**INSTRUCTIONS FOR THE TASK**
Starting at the line that contains "by (auto simp: M_def" in the listing below, write out every line word for word until you have written the line that contains "ultimately show ?thesis".

**DATA PROVIDED**
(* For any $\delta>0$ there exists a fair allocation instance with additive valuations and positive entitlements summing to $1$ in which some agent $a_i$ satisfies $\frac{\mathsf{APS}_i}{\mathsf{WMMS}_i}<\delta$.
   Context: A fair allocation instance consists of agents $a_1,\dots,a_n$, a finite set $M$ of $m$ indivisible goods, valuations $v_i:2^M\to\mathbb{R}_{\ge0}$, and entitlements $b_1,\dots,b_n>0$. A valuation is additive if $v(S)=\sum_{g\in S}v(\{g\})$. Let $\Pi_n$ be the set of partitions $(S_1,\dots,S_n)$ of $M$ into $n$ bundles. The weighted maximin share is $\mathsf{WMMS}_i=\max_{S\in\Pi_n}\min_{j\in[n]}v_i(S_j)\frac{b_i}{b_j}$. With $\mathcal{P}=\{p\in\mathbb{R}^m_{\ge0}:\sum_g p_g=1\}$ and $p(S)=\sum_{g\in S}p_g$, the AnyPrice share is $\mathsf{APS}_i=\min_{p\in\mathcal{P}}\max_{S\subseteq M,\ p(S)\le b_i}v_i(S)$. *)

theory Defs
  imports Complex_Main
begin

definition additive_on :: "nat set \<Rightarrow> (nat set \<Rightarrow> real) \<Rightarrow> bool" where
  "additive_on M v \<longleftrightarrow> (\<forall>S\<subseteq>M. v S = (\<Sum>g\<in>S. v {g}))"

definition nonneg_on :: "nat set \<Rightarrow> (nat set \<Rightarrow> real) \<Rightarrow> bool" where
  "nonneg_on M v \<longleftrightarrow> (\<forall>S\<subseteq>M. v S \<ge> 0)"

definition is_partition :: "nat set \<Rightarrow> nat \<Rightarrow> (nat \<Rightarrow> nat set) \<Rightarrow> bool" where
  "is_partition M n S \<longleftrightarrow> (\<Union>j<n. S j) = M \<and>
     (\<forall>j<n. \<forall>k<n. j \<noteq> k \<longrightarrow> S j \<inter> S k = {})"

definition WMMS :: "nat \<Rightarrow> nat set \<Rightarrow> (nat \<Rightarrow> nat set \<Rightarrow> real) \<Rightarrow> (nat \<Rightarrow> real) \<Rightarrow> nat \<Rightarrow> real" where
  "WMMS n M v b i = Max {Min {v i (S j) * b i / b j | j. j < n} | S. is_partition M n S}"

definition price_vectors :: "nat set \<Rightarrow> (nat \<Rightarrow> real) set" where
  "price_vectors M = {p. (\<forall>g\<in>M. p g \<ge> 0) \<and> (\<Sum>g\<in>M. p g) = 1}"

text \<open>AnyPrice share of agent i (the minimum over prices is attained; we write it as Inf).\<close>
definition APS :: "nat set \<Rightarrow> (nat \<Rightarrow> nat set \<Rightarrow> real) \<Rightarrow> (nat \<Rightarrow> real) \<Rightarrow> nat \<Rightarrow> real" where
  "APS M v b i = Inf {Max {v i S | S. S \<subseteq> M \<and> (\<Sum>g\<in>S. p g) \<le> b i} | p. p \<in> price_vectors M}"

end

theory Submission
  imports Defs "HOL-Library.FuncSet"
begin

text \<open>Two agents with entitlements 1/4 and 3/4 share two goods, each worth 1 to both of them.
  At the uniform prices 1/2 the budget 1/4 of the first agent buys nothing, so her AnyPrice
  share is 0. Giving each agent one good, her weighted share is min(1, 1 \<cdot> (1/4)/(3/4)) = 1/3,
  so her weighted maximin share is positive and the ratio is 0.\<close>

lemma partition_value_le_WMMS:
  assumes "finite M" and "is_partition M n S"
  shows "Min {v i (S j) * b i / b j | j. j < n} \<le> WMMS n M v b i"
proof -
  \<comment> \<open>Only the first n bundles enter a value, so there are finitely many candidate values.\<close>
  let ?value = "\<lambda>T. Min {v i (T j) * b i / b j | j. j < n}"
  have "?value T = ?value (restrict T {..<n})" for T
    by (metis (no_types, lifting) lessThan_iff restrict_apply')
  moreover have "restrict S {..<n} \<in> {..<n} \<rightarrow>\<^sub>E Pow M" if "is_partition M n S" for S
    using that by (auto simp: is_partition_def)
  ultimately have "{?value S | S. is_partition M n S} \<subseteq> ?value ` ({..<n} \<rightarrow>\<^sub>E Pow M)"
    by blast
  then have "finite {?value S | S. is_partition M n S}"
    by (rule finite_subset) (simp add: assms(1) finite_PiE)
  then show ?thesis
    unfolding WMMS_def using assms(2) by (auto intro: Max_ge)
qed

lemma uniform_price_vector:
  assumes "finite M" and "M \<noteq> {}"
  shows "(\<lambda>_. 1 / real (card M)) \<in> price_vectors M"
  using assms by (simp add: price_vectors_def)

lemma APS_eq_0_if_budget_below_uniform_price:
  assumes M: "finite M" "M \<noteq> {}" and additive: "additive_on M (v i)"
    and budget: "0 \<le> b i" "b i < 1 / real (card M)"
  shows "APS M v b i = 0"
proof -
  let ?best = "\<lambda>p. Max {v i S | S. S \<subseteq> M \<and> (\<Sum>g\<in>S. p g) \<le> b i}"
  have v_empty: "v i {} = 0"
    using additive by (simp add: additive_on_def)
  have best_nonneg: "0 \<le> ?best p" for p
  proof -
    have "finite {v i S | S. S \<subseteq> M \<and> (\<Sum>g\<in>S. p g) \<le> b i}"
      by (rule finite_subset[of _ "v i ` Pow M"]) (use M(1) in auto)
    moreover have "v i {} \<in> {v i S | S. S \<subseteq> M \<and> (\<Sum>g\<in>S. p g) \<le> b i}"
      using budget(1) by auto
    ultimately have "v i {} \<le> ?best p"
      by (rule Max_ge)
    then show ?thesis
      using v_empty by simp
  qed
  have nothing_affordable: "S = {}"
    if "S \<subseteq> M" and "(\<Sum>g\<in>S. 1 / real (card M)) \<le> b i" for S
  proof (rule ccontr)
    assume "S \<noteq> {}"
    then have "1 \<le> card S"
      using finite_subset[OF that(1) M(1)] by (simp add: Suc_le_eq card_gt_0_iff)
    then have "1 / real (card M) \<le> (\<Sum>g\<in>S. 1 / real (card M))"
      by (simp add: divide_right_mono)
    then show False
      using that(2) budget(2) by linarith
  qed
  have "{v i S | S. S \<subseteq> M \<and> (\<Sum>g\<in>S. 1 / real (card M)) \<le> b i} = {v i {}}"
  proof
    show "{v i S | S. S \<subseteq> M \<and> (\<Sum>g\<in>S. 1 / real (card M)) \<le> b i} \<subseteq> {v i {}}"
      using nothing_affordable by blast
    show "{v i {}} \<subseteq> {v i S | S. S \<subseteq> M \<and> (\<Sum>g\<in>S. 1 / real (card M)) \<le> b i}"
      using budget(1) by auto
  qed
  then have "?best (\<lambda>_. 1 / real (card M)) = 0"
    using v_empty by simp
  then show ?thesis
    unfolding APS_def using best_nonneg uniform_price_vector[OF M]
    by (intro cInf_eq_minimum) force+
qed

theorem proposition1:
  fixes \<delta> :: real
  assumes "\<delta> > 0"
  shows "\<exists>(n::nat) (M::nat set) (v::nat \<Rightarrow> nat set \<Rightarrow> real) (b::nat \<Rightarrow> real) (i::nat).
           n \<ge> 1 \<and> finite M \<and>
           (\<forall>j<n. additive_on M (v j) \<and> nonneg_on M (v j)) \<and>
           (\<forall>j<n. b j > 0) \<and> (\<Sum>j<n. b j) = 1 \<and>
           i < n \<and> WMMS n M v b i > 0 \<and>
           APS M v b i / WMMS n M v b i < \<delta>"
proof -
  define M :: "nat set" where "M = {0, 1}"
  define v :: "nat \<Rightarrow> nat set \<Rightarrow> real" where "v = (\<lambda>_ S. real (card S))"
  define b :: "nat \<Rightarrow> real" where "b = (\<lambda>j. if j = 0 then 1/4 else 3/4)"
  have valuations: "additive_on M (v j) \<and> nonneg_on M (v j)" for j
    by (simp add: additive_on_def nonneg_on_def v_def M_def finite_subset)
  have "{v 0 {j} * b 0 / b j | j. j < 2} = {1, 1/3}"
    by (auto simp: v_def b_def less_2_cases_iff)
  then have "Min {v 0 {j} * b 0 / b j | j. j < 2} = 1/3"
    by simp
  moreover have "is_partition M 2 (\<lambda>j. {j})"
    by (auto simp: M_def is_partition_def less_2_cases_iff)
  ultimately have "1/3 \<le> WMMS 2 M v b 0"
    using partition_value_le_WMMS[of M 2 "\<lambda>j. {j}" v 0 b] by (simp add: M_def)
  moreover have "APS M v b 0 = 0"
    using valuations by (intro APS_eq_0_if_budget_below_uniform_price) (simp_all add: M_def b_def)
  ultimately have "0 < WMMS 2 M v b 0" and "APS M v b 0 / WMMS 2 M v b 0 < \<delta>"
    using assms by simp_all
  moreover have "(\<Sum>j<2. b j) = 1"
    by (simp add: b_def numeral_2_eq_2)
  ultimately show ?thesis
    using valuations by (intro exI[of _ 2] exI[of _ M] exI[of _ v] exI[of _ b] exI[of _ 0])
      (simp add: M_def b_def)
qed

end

* * *

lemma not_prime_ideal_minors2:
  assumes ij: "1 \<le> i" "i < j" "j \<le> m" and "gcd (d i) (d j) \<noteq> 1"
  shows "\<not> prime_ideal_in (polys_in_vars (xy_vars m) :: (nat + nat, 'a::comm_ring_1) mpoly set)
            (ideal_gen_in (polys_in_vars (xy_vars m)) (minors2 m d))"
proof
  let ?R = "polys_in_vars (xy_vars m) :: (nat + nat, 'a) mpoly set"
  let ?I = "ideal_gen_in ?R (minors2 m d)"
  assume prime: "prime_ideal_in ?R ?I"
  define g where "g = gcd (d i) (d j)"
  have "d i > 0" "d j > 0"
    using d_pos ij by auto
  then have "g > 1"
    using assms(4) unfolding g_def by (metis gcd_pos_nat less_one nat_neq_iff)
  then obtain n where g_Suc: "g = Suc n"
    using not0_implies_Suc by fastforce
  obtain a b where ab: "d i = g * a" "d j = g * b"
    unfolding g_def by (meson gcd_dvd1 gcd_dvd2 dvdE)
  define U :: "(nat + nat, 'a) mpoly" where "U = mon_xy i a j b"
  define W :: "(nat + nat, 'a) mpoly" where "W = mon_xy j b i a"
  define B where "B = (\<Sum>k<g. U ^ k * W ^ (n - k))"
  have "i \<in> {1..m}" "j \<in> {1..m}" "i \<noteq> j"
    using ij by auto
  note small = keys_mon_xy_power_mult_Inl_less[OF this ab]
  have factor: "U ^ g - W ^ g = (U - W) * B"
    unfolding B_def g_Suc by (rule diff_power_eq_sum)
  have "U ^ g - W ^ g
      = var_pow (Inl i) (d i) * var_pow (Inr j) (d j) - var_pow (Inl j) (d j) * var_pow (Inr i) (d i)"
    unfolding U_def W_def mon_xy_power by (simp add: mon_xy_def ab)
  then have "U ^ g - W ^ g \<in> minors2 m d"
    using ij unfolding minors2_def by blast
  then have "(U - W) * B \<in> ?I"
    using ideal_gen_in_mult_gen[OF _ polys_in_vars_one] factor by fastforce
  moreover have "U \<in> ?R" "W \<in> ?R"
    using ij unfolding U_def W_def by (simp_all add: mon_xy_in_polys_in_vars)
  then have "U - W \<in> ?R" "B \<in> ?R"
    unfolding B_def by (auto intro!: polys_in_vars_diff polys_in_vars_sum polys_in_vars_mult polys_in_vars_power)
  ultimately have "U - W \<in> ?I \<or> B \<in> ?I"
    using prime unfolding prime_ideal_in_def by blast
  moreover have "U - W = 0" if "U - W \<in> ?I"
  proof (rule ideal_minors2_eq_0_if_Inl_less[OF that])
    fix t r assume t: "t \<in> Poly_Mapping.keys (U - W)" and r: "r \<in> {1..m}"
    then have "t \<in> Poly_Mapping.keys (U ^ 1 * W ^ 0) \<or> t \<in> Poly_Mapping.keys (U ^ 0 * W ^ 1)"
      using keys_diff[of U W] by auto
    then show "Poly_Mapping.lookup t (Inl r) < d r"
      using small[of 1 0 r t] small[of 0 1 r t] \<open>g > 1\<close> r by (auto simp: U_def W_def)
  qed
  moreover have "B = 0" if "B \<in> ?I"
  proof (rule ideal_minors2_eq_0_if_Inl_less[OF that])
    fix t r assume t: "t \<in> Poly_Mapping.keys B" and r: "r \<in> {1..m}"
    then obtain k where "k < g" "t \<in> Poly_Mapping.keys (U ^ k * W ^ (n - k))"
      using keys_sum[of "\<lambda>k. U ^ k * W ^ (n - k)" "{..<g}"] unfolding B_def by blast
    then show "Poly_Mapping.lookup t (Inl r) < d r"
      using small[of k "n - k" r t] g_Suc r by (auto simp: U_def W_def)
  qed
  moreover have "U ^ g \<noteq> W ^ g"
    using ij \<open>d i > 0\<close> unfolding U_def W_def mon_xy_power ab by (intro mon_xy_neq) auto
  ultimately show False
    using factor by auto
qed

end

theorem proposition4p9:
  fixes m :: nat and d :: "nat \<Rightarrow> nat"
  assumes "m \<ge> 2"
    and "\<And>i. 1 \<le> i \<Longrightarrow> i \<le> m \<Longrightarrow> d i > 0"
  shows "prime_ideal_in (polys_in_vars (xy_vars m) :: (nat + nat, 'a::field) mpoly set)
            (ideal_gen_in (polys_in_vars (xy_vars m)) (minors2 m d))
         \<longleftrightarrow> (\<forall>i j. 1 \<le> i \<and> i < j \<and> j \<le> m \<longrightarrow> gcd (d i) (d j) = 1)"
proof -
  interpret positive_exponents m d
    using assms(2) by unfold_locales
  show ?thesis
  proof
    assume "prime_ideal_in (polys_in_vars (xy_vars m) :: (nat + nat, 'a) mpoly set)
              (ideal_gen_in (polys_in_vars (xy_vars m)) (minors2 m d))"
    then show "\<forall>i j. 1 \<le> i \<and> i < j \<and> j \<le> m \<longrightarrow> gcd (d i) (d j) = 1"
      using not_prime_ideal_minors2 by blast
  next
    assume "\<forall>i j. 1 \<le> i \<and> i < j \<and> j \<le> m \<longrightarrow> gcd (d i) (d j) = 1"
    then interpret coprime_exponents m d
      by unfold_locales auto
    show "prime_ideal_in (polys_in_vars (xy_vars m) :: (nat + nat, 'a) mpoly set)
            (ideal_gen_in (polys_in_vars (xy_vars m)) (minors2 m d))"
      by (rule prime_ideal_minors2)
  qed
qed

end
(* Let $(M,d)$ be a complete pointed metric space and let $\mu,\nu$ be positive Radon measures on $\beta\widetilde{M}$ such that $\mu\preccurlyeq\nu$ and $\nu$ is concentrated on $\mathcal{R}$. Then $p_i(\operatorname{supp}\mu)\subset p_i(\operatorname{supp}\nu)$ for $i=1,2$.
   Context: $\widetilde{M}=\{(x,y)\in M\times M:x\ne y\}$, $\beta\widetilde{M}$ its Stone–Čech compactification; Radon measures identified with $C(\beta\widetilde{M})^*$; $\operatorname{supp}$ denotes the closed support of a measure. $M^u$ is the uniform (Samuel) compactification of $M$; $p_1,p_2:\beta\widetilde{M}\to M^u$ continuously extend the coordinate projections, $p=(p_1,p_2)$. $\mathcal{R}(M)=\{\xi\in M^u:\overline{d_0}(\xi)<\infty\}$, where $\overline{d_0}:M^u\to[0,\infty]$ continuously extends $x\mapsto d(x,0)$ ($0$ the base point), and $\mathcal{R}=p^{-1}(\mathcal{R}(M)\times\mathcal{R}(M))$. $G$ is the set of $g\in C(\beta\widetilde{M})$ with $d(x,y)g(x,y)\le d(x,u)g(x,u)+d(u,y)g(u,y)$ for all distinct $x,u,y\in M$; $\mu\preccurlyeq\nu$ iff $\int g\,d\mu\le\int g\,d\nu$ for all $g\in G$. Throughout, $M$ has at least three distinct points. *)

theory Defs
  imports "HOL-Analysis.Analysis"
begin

**WORKED SOLUTION**
    by (auto simp: M_def is_partition_def less_2_cases_iff)
  ultimately have "1/3 \<le> WMMS 2 M v b 0"
    using partition_value_le_WMMS[of M 2 "\<lambda>j. {j}" v 0 b] by (simp add: M_def)
  moreover have "APS M v b 0 = 0"
    using valuations by (intro APS_eq_0_if_budget_below_uniform_price) (simp_all add: M_def b_def)
  ultimately have "0 < WMMS 2 M v b 0" and "APS M v b 0 / WMMS 2 M v b 0 < \<delta>"
    using assms by simp_all
  moreover have "(\<Sum>j<2. b j) = 1"
    by (simp add: b_def numeral_2_eq_2)
  ultimately show ?thesis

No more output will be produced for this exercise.